La soluzione per l’Italia: tagli alla spesa pubblica del 3% e crescita al 2%

Banner Occidentale
Banner Occidentale
Dona oggi

Fai una donazione!

Gli articoli dell’Occidentale sono liberi perché vogliamo che li leggano tante persone. Ma scriverli, verificarli e pubblicarli ha un costo. Se hai a cuore un’informazione approfondita e accurata puoi darci una mano facendo una libera donazione da sostenitore online. Più saranno le donazioni verso l’Occidentale, più reportage e commenti potremo pubblicare.

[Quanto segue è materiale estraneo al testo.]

lemma follows_reports_iff_nth:
  "follows_reports N B G xs \<longleftrightarrow>
     (\<forall>k. Suc k < length xs \<longrightarrow> xs ! k \<in> N - B \<and> xs ! Suc k \<in> G (xs ! k))"
proof (induction N B G xs rule: follows_reports.induct)
  case (1 N B G x y zs)
  have "(\<forall>k. Suc k < length (x # y # zs) \<longrightarrow>
          (x # y # zs) ! k \<in> N - B \<and> (x # y # zs) ! Suc k \<in> G ((x # y # zs) ! k)) \<longleftrightarrow>
        x \<in> N - B \<and> y \<in> G x \<and>
        (\<forall>k. Suc k < length (y # zs) \<longrightarrow>
          (y # zs) ! k \<in> N - B \<and> (y # zs) ! Suc k \<in> G ((y # zs) ! k))"
    (is "?all \<longleftrightarrow> ?first_link_and_rest")
  proof
    assume ?all
    then show ?first_link_and_rest
      by (metis Suc_less_eq length_Cons nth_Cons_0 nth_Cons_Suc zero_less_Suc)
  qed (auto simp: nth_Cons split: nat.split)
  with 1 show ?case by simp
qed auto

lemma trading_chain_iff_report_path:
  "trading_chain N B rs G xs i \<longleftrightarrow>
     xs \<noteq> [] \<and> last xs = i \<and> hd xs \<in> rs \<and> report_path N B G xs"
  unfolding trading_chain_def report_path_def follows_reports_iff_nth by blast

lemma follows_reports_append_Cons:
  "follows_reports N B G (p @ x # q) \<longleftrightarrow>
     follows_reports N B G (p @ [x]) \<and> follows_reports N B G (x # q)"
proof (induction p)
  case Nil
  then show ?case by (cases q) auto
next
  case (Cons a p)
  then show ?case by (cases p) auto
qed

lemma follows_reports_fun_upd:
  "a \<notin> set xs \<Longrightarrow> follows_reports N B (G(a := X)) xs \<longleftrightarrow> follows_reports N B G xs"
  by (induction N B G xs rule: follows_reports.induct) auto

lemma follows_reports_mono:
  "(\<And>x. G' x \<subseteq> G x) \<Longrightarrow> follows_reports N B G' xs \<Longrightarrow> follows_reports N B G xs"
  by (induction N B G xs rule: follows_reports.induct) auto

lemma report_path_suffix:
  "report_path N B G (p @ x # q) \<Longrightarrow> report_path N B G (x # q)"
  unfolding report_path_def using follows_reports_append_Cons[of N B G p x q] by auto

lemma report_path_fun_upd:
  "a \<notin> set xs \<Longrightarrow> report_path N B (G(a := X)) xs \<longleftrightarrow> report_path N B G xs"
  unfolding report_path_def using follows_reports_fun_upd by metis

lemma report_path_mono:
  "(\<And>x. G' x \<subseteq> G x) \<Longrightarrow> report_path N B G' xs \<Longrightarrow> report_path N B G xs"
  unfolding report_path_def using follows_reports_mono by metis
(* Let $G=(V,E,\mu,\omega)$ be a weighted graph with a fixed reference vertex $p\in V$, and suppose there exist constants $D>0$ and $0\le\alpha\le2$ such that $\mathrm{Deg}(x)\le D\,d(x,p)^{\alpha}$ for all $x\in V$, $x\ne p$. Let $T\in(0,\infty]$ and let $u\in C^2_t([0,T)\times V)$ satisfy the homogeneous wave equation $\partial_t^2u(t,x)=\Delta u(t,x)$ for all $(t,x)\in[0,T)\times V$ (the time derivative at $t=0$ being one-sided). Suppose that for some $C>0$ and $A_1\in[0,2-\alpha]$, $$|u(t,x)|\le C\,d(x,p)^{A_1 d(x,p)}\quad\text{for all }(t,x)\in[0,T)\times V,\ x\ne p.$$ Then for every $x\in V$, the function $t\mapsto u(t,x)$ is real analytic on $[0,T)$, with radius of analyticity $r$ (i.e. for every $t_0\in[0,T)$ the Taylor series of $u(\cdot,x)$ at $t_0$ converges to $u(t,x)$ for all $t\in[0,T)$ with $|t-t_0|<r$) satisfying $r=+\infty$ if $A_1<2-\alpha$, and $r\ge\frac1e\sqrt{\frac{2}{D}}$ if $A_1=2-\alpha$.
   Context: A weighted graph $G=(V,E,\mu,\omega)$ consists of a locally finite, connected, simple, undirected graph $(V,E)$, a symmetric edge weight $\omega:E\to(0,\infty)$, $\{x,y\}\mapsto\omega_{xy}=\omega_{yx}$, and a vertex weight $\mu:V\to(0,\infty)$. Write $x\sim y$ if $\{x,y\}\in E$; $d(x,y)$ is the combinatorial graph distance. The Laplacian is $\Delta f(x)=\sum_{y\sim x}\frac{\omega_{xy}}{\mu_x}(f(y)-f(x))$ for $f:V\to\mathbb{R}$, and the weighted degree is $\mathrm{Deg}(x)=\sum_{y\sim x}\frac{\omega_{xy}}{\mu_x}$. For an interval $I$ and $k\in\mathbb{N}_0\cup\{\infty\}$, $u\in C^k_t(I\times V)$ means $u:I\times V\to\mathbb{R}$ and $u(\cdot,x)\in C^k(I)$ for every $x\in V$; $\Delta$ acts in the space variable. *)

theory Defs
  imports "HOL-Analysis.Analysis"
begin

text \<open>A weighted graph on the vertex type 'v (V = UNIV): adjacency relation adj,
 edge weight w (only its values on edges matter), vertex weight mu.\<close>
definition weighted_graph :: "('v \<Rightarrow> 'v \<Rightarrow> bool) \<Rightarrow> ('v \<Rightarrow> 'v \<Rightarrow> real) \<Rightarrow> ('v \<Rightarrow> real) \<Rightarrow> bool" where
  "weighted_graph adj w mu \<longleftrightarrow>
     (\<forall>x y. adj x y \<longrightarrow> adj y x) \<and>
     (\<forall>x. \<not> adj x x) \<and>
     (\<forall>x. finite {y. adj x y}) \<and>
     (\<forall>x y. adj\<^sup>*\<^sup>* x y) \<and>
     (\<forall>x y. adj x y \<longrightarrow> w x y = w y x \<and> w x y > 0) \<and>
     (\<forall>x. mu x > 0)"

definition gdist :: "('v \<Rightarrow> 'v \<Rightarrow> bool) \<Rightarrow> 'v \<Rightarrow> 'v \<Rightarrow> nat" where
  "gdist adj x y = (LEAST n. (adj ^^ n) x y)"

definition laplacian :: "('v \<Rightarrow> 'v \<Rightarrow> bool) \<Rightarrow> ('v \<Rightarrow> 'v \<Rightarrow> real) \<Rightarrow> ('v \<Rightarrow> real) \<Rightarrow> ('v \<Rightarrow> real) \<Rightarrow> 'v \<Rightarrow> real" where
  "laplacian adj w mu f x = (\<Sum>y\<in>{y. adj x y}. w x y / mu x * (f y - f x))"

La soluzione per l’Italia: tagli alla spesa pubblica del 3% e crescita al 2%

La soluzione per l’Italia: tagli alla spesa pubblica del 3% e crescita al 2%

02 Dicembre 2011

L’euro potrebbe presto collassare benché non esista ragione perché ciò debba accadere. Tutto a questo punto dipende dall’Italia, considerato che i mercati finanziari temono che essa sia insolvente. Se l’Italia dovesse continuare a pagare dei rendimenti sui propri titoli di Stato al 7%, il debito totale del paese crescerebbe ad un livello superiore rispetto alla sua capacità di risarcire il debito.

Se gli investitori si persuadessero che questo stato di cose è destinato a durare, smetteranno di prestare denaro all’Italia. A quel punto l’Italia sarà costretta a lasciare l’euro. La ‘nuova lira’ che ne discenderebbe ridurrebbe il prezzo delle esportazioni italiane. La pressione competitiva spingerebbe anche la Francia a lasciare l’euro, portando l’unione monetaria alla sua fine.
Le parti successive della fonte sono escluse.